Aptamers (2018), Vol 2, 74-81
Published online: 07 December 2018
Iain S MacPherson*1,2 and Tim Liedl1
1Department of Physics, Ludwig Maximilian University, Munich, Bavaria, 80539, Germany
2Department of Tropical Medicine, Medical Microbiology and Pharmacology, University of Hawaii, Honolulu, Hawaii, 96813, USA
*Correspondence to: Ian MacPherson, Email: firstname.lastname@example.org, Tel: 808 377 0878, Fax: 808 692 1677
Received: 28 August 2018 | Revised: 19 November 2018 | Accepted: 29 November 2018
© Copyright The Author(s). This is an open access article, published under the terms of the Creative Commons Attribution Non-Commercial License (http://creativecommons.org/licenses/by-nc/4.0). This license permits non-commercial use, distribution and reproduction of this article, provided the original work is appropriately acknowledged, with correct citation details.

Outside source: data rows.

(* Let $q$ be a prime power and let $d,\tau,n,m$ be integers with $\lfloor (d-1)/2\rfloor\le\tau<d\le n\le m$. Let $\mathcal C\subseteq\mathbb F_{q^m}^n$ be any (not necessarily linear) code with minimum rank distance $d$. Then $$\ell=\max_{\mathbf r\in\mathbb F_{q^m}^n}|\mathcal C\cap\mathcal B_\tau(\mathbf r)|\ \le\ 1+\sum_{t=\lfloor (d-1)/2\rfloor+1}^{\tau}\frac{\binom{n}{2t+1-d}_q}{\binom{t}{2t+1-d}_q}\ \le\ 1+4\sum_{t=\lfloor (d-1)/2\rfloor+1}^{\tau}q^{(2t-d+1)(n-t)}$$ $$\le\ 1+4\Big(\tau-\big\lfloor\tfrac{d-1}{2}\big\rfloor\Big)\,q^{(2\tau-d+1)(n-\lfloor (d-1)/2\rfloor-1)}.$$
   Context: Fixing a basis of $\mathbb F_{q^m}$ over $\mathbb F_q$, each vector $\mathbf x\in\mathbb F_{q^m}^n$ is identified with an $m\times n$ matrix over $\mathbb F_q$; $\mathrm{rk}(\mathbf x)$ is the rank of this matrix and the rank distance is $\mathrm{rk}(\mathbf x-\mathbf y)$. The minimum rank distance of $\mathcal C$ is $\min\{\mathrm{rk}(\mathbf c_1-\mathbf c_2):\mathbf c_1\ne\mathbf c_2\in\mathcal C\}$. $\mathcal B_\tau(\mathbf r)=\{\mathbf x:\mathrm{rk}(\mathbf x-\mathbf r)\le\tau\}$. The Gaussian binomial is $\binom{n}{r}_q=\prod_{i=0}^{r-1}\frac{q^n-q^i}{q^r-q^i}$. *)

theory Defs
  imports Complex_Main "Jordan_Normal_Form.DL_Rank"
begin

text \<open>Vectors of F_{q^m}^n are identified (via a fixed F_q-basis of F_{q^m}) with
  m x n matrices over F_q. The rank of x is the rank of this matrix.\<close>

definition rk :: "nat \<Rightarrow> 'a::field mat \<Rightarrow> nat" where
  "rk m A = vec_space.rank m (A :: 'a mat)"

definition rank_dist :: "nat \<Rightarrow> 'a::field mat \<Rightarrow> 'a mat \<Rightarrow> nat" where
  "rank_dist m x y = rk m (x - y)"

definition min_rank_distance :: "nat \<Rightarrow> 'a::field mat set \<Rightarrow> nat \<Rightarrow> bool" where
  "min_rank_distance m C d \<longleftrightarrow>
     (\<exists>c1\<in>C. \<exists>c2\<in>C. c1 \<noteq> c2 \<and> rank_dist m c1 c2 = d) \<and>
     (\<forall>c1\<in>C. \<forall>c2\<in>C. c1 \<noteq> c2 \<longrightarrow> d \<le> rank_dist m c1 c2)"

definition rank_ball :: "nat \<Rightarrow> nat \<Rightarrow> nat \<Rightarrow> 'a::field mat \<Rightarrow> 'a mat set" where
  "rank_ball m n \<tau> r = {x \<in> carrier_mat m n. rank_dist m x r \<le> \<tau>}"

definition gauss_binom :: "nat \<Rightarrow> nat \<Rightarrow> nat \<Rightarrow> real" where
  "gauss_binom q n r = (\<Prod>i<r. (real q ^ n - real q ^ i) / (real q ^ r - real q ^ i))"

end

theory Submission
  imports Defs "HOL-Library.Function_Algebras"
begin

text \<open>Identify each matrix c - r with its row space in F_q^n. A codeword c at rank distance
  exactly t from r gives a t-dimensional row space, which contains
  (q^t - 1)(q^t - q) \<dots> (q^t - q^(k-1)) ordered independent k-tuples. Taking k = 2t + 1 - d,
  no such tuple can lie in the row spaces of two distinct codewords, because the rows of
  c - c' lie in the sum of these spaces and rank distance d forces their intersection to have
  dimension at most 2t - d. Comparing with the number of independent k-tuples in F_q^n bounds
  the number of such codewords by a ratio of Gaussian binomials, while rank subadditivity
  leaves room for at most one codeword within distance (d - 1) div 2. Finally, writing
  q^t - q^i = q^t (1 - q^(i - t)), each ratio is at most 4 q^(k(n - t)) because
  \<Prod>j \<ge> 1. (1 - 2^(-j)) \<ge> 1/4.\<close>

definition scale_fun :: "'a::field \<Rightarrow> (nat \<Rightarrow> 'a) \<Rightarrow> nat \<Rightarrow> 'a" where
  "scale_fun c f = (\<lambda>i. c * f i)"

text \<open>Matrices are compared through their row spaces, taken inside the space of sequences
  nat \<Rightarrow> 'a with pointwise scaling. The library rank is the dimension of the column space in
  F^m, whereas the counting below has to take place in the row space F^n (recall n \<le> m).\<close>

interpretation fun_vs: vector_space "scale_fun :: 'a::field \<Rightarrow> _"
  by unfold_locales (auto simp: scale_fun_def fun_eq_iff algebra_simps)

lemma sum_fun_apply: "sum f A i = (\<Sum>a\<in>A. f a i)"
  by (induct A rule: infinite_finite_induct) auto

lemma scale_fun_apply: "scale_fun c f i = c * f i"
  by (simp add: scale_fun_def)

lemma two_le_card_field: "2 \<le> card (UNIV :: 'a::{field,finite} set)"
proof -
  have "card {0::'a, 1} \<le> card (UNIV :: 'a set)" by (rule card_mono) auto
  then show ?thesis by simp
qed

lemma fun_vs_span_eq_image:
  assumes "finite B"
  shows "fun_vs.span B = (\<lambda>u. \<Sum>v\<in>B. scale_fun (u v) v) ` (B \<rightarrow>\<^sub>E (UNIV :: 'a::field set))"
proof
  show "fun_vs.span B \<subseteq> (\<lambda>u. \<Sum>v\<in>B. scale_fun (u v) v) ` (B \<rightarrow>\<^sub>E UNIV)"
  proof
    fix x assume "x \<in> fun_vs.span B"
    then obtain u where "x = (\<Sum>v\<in>B. scale_fun (u v) v)"
      using fun_vs.span_finite[OF assms] by auto
    also have "\<dots> = (\<Sum>v\<in>B. scale_fun (restrict u B v) v)" by simp
    finally show "x \<in> (\<lambda>u. \<Sum>v\<in>B. scale_fun (u v) v) ` (B \<rightarrow>\<^sub>E UNIV)"
      by (intro image_eqI[where x = "restrict u B"]) auto
  qed
qed (use fun_vs.span_finite[OF assms] in auto)

lemma finite_fun_vs_span:
  "finite B \<Longrightarrow> finite (fun_vs.span (B :: (nat \<Rightarrow> 'a::{field,finite}) set))"
  by (simp add: fun_vs_span_eq_image finite_PiE)

lemma card_fun_vs_span_independent:
  fixes B :: "(nat \<Rightarrow> 'a::{field,finite}) set"
  assumes fin: "finite B" and ind: "fun_vs.independent B"
  shows "card (fun_vs.span B) = card (UNIV :: 'a set) ^ card B"
proof -
  let ?g = "\<lambda>u. \<Sum>v\<in>B. scale_fun (u v) v"
  have inj: "inj_on ?g (B \<rightarrow>\<^sub>E UNIV)"
  proof
    fix u w assume u: "u \<in> B \<rightarrow>\<^sub>E UNIV" and w: "w \<in> B \<rightarrow>\<^sub>E UNIV" and eq: "?g u = ?g w"
    have "(\<Sum>v\<in>B. scale_fun (u v - w v) v) = ?g u - ?g w"
      by (simp add: fun_vs.scale_left_diff_distrib sum_subtractf)
    with eq have "(\<Sum>v\<in>B. scale_fun (u v - w v) v) = 0" by simp
    then have "\<forall>v\<in>B. u v - w v = 0"
      using fun_vs.independentD[OF ind fin order_refl, of "\<lambda>v. u v - w v"] by blast
    then show "u = w" by (intro PiE_ext[OF u w]) simp
  qed
  have "card (fun_vs.span B) = card (B \<rightarrow>\<^sub>E (UNIV :: 'a set))"
    unfolding fun_vs_span_eq_image[OF fin] by (rule card_image[OF inj])
  then show ?thesis by (simp add: card_PiE fin)
qed

lemma card_fun_vs_span:
  fixes P :: "(nat \<Rightarrow> 'a::{field,finite}) set"
  assumes "finite P"
  shows "card (fun_vs.span P) = card (UNIV :: 'a set) ^ fun_vs.dim P"
proof -
  obtain B where B: "B \<subseteq> P" "fun_vs.independent B" "P \<subseteq> fun_vs.span B" "card B = fun_vs.dim P"
    using fun_vs.basis_exists by blast
  have "fun_vs.span B = fun_vs.span P"
    using B by (metis fun_vs.span_mono fun_vs.span_span subset_antisym)
  then show ?thesis
    using card_fun_vs_span_independent[of B] B assms finite_subset by metis
qed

Aptamers are capable of binding to target proteins with high affinity and specificity. Recent technologies have focused on increasing the chemical diversity of libraries for the isolation of aptamers with improved binding. For this, DNA has been the nucleic acid of choice, in part due to the ability of certain DNA polymerases to accommodate modified DNA bases. Success with base-modified RNA libraries has been rare to date, despite potential advantages of RNA aptamers over DNA aptamers. Here we further expand the range of base modification in RNA aptamers by a process called RNA-SELMA (SELection with Modified Aptamers). In this process, RNA is displayed by the DNA that encodes it, enabling the selection of post-transcriptionally modified RNA libraries and amplification of their encoding DNA, thus circumventing the need for reverse transcription. In this report, we show that chemical attachment of N-hydroxysuccinimidyl esters to DNA-displayed RNA libraries enables the selection of aptamers capable of bioconjugation with a target protein, streptavidin, at low nanomolar concentration with high specificity.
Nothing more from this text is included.